* **Assignment**
Take each line of the records below that contains the string "partial" and copy it.

Material provided below:

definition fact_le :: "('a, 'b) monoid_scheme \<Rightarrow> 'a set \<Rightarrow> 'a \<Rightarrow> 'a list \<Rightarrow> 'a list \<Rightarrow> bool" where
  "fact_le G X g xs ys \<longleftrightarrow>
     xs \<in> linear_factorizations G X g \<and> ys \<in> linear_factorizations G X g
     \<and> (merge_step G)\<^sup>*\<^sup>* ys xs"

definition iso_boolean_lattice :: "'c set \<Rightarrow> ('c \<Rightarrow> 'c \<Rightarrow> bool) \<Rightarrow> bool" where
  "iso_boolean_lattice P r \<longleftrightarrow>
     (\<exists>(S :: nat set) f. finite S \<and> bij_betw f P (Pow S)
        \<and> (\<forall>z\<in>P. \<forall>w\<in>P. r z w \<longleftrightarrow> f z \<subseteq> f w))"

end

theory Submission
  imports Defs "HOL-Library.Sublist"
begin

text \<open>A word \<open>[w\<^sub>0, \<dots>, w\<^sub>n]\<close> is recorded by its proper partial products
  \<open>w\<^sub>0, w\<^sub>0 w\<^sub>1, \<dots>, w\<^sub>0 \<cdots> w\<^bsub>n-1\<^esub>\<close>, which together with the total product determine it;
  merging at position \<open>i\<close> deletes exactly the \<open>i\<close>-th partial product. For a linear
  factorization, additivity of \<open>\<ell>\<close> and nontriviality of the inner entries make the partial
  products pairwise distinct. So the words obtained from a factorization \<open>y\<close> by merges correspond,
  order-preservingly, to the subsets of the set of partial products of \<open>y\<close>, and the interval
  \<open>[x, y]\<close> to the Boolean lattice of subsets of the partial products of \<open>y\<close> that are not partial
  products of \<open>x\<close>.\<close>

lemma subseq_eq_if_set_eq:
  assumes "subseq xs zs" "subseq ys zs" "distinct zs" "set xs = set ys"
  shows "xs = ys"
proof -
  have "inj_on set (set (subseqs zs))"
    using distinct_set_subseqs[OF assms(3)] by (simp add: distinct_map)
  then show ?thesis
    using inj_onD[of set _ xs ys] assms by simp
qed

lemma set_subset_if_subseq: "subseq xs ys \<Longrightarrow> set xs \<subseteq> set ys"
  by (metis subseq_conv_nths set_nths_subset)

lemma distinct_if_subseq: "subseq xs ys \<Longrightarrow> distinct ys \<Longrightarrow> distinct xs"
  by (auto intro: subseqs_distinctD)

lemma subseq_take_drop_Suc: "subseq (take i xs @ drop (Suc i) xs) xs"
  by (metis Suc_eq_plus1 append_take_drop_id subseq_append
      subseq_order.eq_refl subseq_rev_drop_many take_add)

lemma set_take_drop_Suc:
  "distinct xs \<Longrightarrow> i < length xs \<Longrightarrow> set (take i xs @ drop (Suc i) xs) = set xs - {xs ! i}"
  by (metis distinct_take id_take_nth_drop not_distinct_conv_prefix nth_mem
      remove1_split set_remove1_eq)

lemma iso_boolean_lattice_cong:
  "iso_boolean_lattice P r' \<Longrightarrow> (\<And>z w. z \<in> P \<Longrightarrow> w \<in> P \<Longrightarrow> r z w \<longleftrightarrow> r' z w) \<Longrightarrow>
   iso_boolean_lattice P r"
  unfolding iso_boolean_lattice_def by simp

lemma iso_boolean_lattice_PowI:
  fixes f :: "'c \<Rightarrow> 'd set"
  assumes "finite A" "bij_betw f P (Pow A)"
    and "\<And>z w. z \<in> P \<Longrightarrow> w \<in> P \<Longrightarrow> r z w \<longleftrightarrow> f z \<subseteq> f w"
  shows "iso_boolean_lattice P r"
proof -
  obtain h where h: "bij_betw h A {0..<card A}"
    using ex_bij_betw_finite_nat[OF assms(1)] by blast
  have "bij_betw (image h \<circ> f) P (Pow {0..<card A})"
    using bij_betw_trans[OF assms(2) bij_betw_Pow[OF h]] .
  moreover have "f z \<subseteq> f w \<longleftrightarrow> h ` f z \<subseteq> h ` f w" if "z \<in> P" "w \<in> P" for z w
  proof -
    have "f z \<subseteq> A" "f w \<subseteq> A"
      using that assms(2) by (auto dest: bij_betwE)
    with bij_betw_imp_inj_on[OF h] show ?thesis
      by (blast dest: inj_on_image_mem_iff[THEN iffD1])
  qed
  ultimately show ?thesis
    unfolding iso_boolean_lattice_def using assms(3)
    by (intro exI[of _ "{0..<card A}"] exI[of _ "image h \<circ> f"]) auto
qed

End of Material provided.
Material provided below:

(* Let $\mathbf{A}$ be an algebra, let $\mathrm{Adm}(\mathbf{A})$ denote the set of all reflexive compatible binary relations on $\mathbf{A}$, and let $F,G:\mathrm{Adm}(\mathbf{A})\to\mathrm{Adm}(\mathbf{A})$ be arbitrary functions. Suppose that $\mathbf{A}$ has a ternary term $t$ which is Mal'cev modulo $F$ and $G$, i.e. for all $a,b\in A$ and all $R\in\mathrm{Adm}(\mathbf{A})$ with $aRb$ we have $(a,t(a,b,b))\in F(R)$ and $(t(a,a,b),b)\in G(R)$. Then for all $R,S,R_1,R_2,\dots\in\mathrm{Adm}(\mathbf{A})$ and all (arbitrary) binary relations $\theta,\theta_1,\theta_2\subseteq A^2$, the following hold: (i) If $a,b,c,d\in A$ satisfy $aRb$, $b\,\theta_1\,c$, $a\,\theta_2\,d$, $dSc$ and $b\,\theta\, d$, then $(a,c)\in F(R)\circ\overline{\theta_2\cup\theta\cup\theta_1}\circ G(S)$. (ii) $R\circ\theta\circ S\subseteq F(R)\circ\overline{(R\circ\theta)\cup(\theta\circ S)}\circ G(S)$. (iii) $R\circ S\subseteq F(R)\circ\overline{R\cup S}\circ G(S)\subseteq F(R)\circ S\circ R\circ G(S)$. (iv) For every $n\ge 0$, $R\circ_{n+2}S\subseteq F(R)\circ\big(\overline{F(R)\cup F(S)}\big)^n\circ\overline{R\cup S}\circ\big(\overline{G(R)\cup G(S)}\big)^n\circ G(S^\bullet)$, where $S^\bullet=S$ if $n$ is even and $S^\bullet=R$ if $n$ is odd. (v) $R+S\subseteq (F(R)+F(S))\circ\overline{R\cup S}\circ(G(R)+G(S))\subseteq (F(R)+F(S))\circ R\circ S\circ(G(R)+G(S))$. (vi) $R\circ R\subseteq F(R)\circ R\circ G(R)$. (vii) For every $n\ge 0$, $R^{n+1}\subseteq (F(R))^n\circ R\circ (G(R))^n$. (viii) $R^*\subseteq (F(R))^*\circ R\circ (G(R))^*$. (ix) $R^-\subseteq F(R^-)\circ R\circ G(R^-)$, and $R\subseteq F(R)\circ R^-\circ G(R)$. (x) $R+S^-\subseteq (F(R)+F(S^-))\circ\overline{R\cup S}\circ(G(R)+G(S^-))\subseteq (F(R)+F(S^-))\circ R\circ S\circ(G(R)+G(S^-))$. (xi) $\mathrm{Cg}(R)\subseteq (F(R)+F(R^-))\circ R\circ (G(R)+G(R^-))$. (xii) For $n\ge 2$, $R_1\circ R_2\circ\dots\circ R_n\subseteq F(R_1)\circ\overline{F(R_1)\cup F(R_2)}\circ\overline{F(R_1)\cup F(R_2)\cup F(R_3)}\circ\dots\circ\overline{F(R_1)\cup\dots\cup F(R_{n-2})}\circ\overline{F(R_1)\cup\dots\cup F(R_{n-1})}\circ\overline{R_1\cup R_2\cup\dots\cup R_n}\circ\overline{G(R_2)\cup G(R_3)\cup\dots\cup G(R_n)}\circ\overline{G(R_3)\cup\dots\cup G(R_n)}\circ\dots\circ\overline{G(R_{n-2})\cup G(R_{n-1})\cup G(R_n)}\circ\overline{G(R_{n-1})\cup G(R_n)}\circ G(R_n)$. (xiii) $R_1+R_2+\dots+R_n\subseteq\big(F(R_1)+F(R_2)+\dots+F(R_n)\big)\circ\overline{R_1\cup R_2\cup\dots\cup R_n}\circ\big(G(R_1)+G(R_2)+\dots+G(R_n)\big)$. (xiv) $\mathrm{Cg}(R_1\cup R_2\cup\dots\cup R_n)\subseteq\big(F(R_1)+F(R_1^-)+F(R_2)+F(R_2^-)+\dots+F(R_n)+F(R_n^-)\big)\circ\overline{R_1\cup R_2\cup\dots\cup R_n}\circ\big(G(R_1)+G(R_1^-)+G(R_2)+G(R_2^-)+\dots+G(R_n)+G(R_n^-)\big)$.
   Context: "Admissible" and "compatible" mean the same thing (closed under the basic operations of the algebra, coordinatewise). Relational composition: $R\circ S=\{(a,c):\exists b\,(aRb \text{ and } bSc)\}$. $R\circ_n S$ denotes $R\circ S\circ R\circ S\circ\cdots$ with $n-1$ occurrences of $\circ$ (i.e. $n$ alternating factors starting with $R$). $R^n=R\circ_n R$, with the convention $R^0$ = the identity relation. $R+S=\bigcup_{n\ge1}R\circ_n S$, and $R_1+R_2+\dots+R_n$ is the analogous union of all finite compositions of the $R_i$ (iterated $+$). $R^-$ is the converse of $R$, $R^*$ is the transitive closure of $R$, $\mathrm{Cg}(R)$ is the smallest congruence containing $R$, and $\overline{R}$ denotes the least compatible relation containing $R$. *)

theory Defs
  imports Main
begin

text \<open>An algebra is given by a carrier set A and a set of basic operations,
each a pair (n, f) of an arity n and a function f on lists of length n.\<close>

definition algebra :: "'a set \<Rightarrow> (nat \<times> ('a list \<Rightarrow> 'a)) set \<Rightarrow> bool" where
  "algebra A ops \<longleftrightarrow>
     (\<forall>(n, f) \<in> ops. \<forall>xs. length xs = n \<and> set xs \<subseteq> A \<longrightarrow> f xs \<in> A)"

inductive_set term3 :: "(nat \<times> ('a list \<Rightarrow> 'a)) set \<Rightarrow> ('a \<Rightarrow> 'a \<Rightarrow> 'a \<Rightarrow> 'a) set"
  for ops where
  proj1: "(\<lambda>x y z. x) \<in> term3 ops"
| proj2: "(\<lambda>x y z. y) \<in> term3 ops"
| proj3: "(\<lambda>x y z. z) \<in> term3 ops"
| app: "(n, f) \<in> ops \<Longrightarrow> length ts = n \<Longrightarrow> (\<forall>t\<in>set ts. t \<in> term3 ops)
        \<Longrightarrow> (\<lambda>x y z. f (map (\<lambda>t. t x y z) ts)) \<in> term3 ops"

End of Material provided.

* **Problem solution**
text \<open>A word \<open>[w\<^sub>0, \<dots>, w\<^sub>n]\<close> is recorded by its proper partial products
  merging at position \<open>i\<close> deletes exactly the \<open>i\<close>-th partial product. For a linear
  factorization, additivity of \<open>\<ell>\<close> and nontriviality of the inner entries make the partial
  order-preservingly, to the subsets of the set of partial products of \<open>y\<close>, and the interval
  \<open>[x, y]\<close> to the Boolean lattice of subsets of the partial products of \<open>y\<close> that are not partial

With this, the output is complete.